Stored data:
·····

lemma mat_pow_Suc_eq_sum_walks:
  assumes "i \<in> {1..n}"
  shows "mat_pow n A (Suc k) i j = (\<Sum>w | set w \<subseteq> {1..n} \<and> length w = k. walk_weight A (i # w) j)"
proof (induction k arbitrary: j)
  case 0
  have "(if i = x then 1 else 0) * A x j = (if i = x then A x j else 0)" for x
    by simp
  moreover have "{w. set w \<subseteq> {1..n} \<and> length w = 0} = {[]}"
    by auto
  ultimately show ?case
    using assms by (simp add: mat_mult_def walk_weight_def sum.delta' del: length_0_conv)
next
  case (Suc k)
  let ?W = "\<lambda>k. {w. set w \<subseteq> {1..n} \<and> length w = k}"
  have "mat_pow n A (Suc (Suc k)) i j = (\<Sum>x\<in>{1..n}. mat_pow n A (Suc k) i x * A x j)"
    by (simp only: mat_pow.simps(2) mat_mult_def)
  also have "\<dots> = (\<Sum>x\<in>{1..n}. \<Sum>w\<in>?W k. walk_weight A (i # w) x * A x j)"
    by (simp add: Suc.IH sum_distrib_right del: mat_pow.simps)
  also have "\<dots> = (\<Sum>(w, x)\<in>?W k \<times> {1..n}. walk_weight A (i # w @ [x]) j)"
    by (subst sum.swap) (simp add: sum.cartesian_product walk_weight_snoc[of A "i # w" for w, simplified])
  also have "\<dots> = (\<Sum>w\<in>?W (Suc k). walk_weight A (i # w) j)"
    unfolding lists_length_Suc_eq_snoc
    by (subst sum.reindex) (auto simp: inj_on_def case_prod_beta)
  finally show ?case .
qed

lemma mat_trace_mat_pow_eq_sum_cycles:
  assumes "L > 0"
  shows "mat_trace n (mat_pow n A L) = (\<Sum>u | set u \<subseteq> {1..n} \<and> length u = L. cycle_weight A u)"
proof -
  obtain k where L: "L = Suc k" using assms gr0_conv_Suc by blast
  let ?W = "{w. set w \<subseteq> {1..n} \<and> length w = k}"
  have "mat_trace n (mat_pow n A L) = (\<Sum>i\<in>{1..n}. \<Sum>w\<in>?W. cycle_weight A (i # w))"
    unfolding mat_trace_def L
    by (intro sum.cong refl) (simp add: mat_pow_Suc_eq_sum_walks cycle_weight_eq_walk_weight del: mat_pow.simps)
  also have "\<dots> = (\<Sum>(w, i)\<in>?W \<times> {1..n}. cycle_weight A (i # w))"
    by (subst sum.swap) (simp add: sum.cartesian_product)
  also have "\<dots> = (\<Sum>u | set u \<subseteq> {1..n} \<and> length u = L. cycle_weight A u)"
    unfolding L lists_length_Suc_eq
    by (subst sum.reindex) (auto simp: inj_on_def case_prod_beta)
  finally show ?thesis .
qed

section \<open>Cycles of a fixed shape\<close>

lemma sum_PiE_insert:
  assumes "k \<notin> N"
  shows "(\<Sum>f\<in>Pi\<^sub>E (insert k N) B. F f) = (\<Sum>x\<in>B k. \<Sum>g\<in>Pi\<^sub>E N B. F (g(k := x)))"
  unfolding PiE_insert_eq sum.cartesian_product
  by (subst sum.reindex[OF inj_combinator[OF assms]]) (simp add: case_prod_beta)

·····

TASK ITEM => The task calls for each record to be returned verbatim.

YOUR RESPONSE =>
lemma mat_pow_Suc_eq_sum_walks:
  assumes "i \<in> {1..n}"
  shows "mat_pow n A (Suc k) i j = (\<Sum>w | set w \<subseteq> {1..n} \<and> length w = k. walk_weight A (i # w) j)"
proof (induction k arbitrary: j)
  case 0
  have "(if i = x then 1 else 0) * A x j = (if i = x then A x j else 0)" for x
    by simp
  moreover have "{w. set w \<subseteq> {1..n} \<and> length w = 0} = {[]}"
    by auto
  ultimately show ?case
    using assms by (simp add: mat_mult_def walk_weight_def sum.delta' del: length_0_conv)
next
  case (Suc k)
  let ?W = "\<lambda>k. {w. set w \<subseteq> {1..n} \<and> length w = k}"
  have "mat_pow n A (Suc (Suc k)) i j = (\<Sum>x\<in>{1..n}. mat_pow n A (Suc k) i x * A x j)"
    by (simp only: mat_pow.simps(2) mat_mult_def)
  also have "\<dots> = (\<Sum>x\<in>{1..n}. \<Sum>w\<in>?W k. walk_weight A (i # w) x * A x j)"
    by (simp add: Suc.IH sum_distrib_right del: mat_pow.simps)
  also have "\<dots> = (\<Sum>(w, x)\<in>?W k \<times> {1..n}. walk_weight A (i # w @ [x]) j)"
    by (subst sum.swap) (simp add: sum.cartesian_product walk_weight_snoc[of A "i # w" for w, simplified])
  also have "\<dots> = (\<Sum>w\<in>?W (Suc k). walk_weight A (i # w) j)"
    unfolding lists_length_Suc_eq_snoc
    by (subst sum.reindex) (auto simp: inj_on_def case_prod_beta)
  finally show ?case .
qed

lemma mat_trace_mat_pow_eq_sum_cycles:
  assumes "L > 0"
  shows "mat_trace n (mat_pow n A L) = (\<Sum>u | set u \<subseteq> {1..n} \<and> length u = L. cycle_weight A u)"
proof -
  obtain k where L: "L = Suc k" using assms gr0_conv_Suc by blast
  let ?W = "{w. set w \<subseteq> {1..n} \<and> length w = k}"
  have "mat_trace n (mat_pow n A L) = (\<Sum>i\<in>{1..n}. \<Sum>w\<in>?W. cycle_weight A (i # w))"
    unfolding mat_trace_def L
    by (intro sum.cong refl) (simp add: mat_pow_Suc_eq_sum_walks cycle_weight_eq_walk_weight del: mat_pow.simps)
  also have "\<dots> = (\<Sum>(w, i)\<in>?W \<times> {1..n}. cycle_weight A (i # w))"
    by (subst sum.swap) (simp add: sum.cartesian_product)
  also have "\<dots> = (\<Sum>u | set u \<subseteq> {1..n} \<and> length u = L. cycle_weight A u)"
    unfolding L lists_length_Suc_eq
    by (subst sum.reindex) (auto simp: inj_on_def case_prod_beta)
  finally show ?thesis .
qed

section \<open>Cycles of a fixed shape\<close>

lemma sum_PiE_insert:
  assumes "k \<notin> N"
  shows "(\<Sum>f\<in>Pi\<^sub>E (insert k N) B. F f) = (\<Sum>x\<in>B k. \<Sum>g\<in>Pi\<^sub>E N B. F (g(k := x)))"
  unfolding PiE_insert_eq sum.cartesian_product
  by (subst sum.reindex[OF inj_combinator[OF assms]]) (simp add: case_prod_beta)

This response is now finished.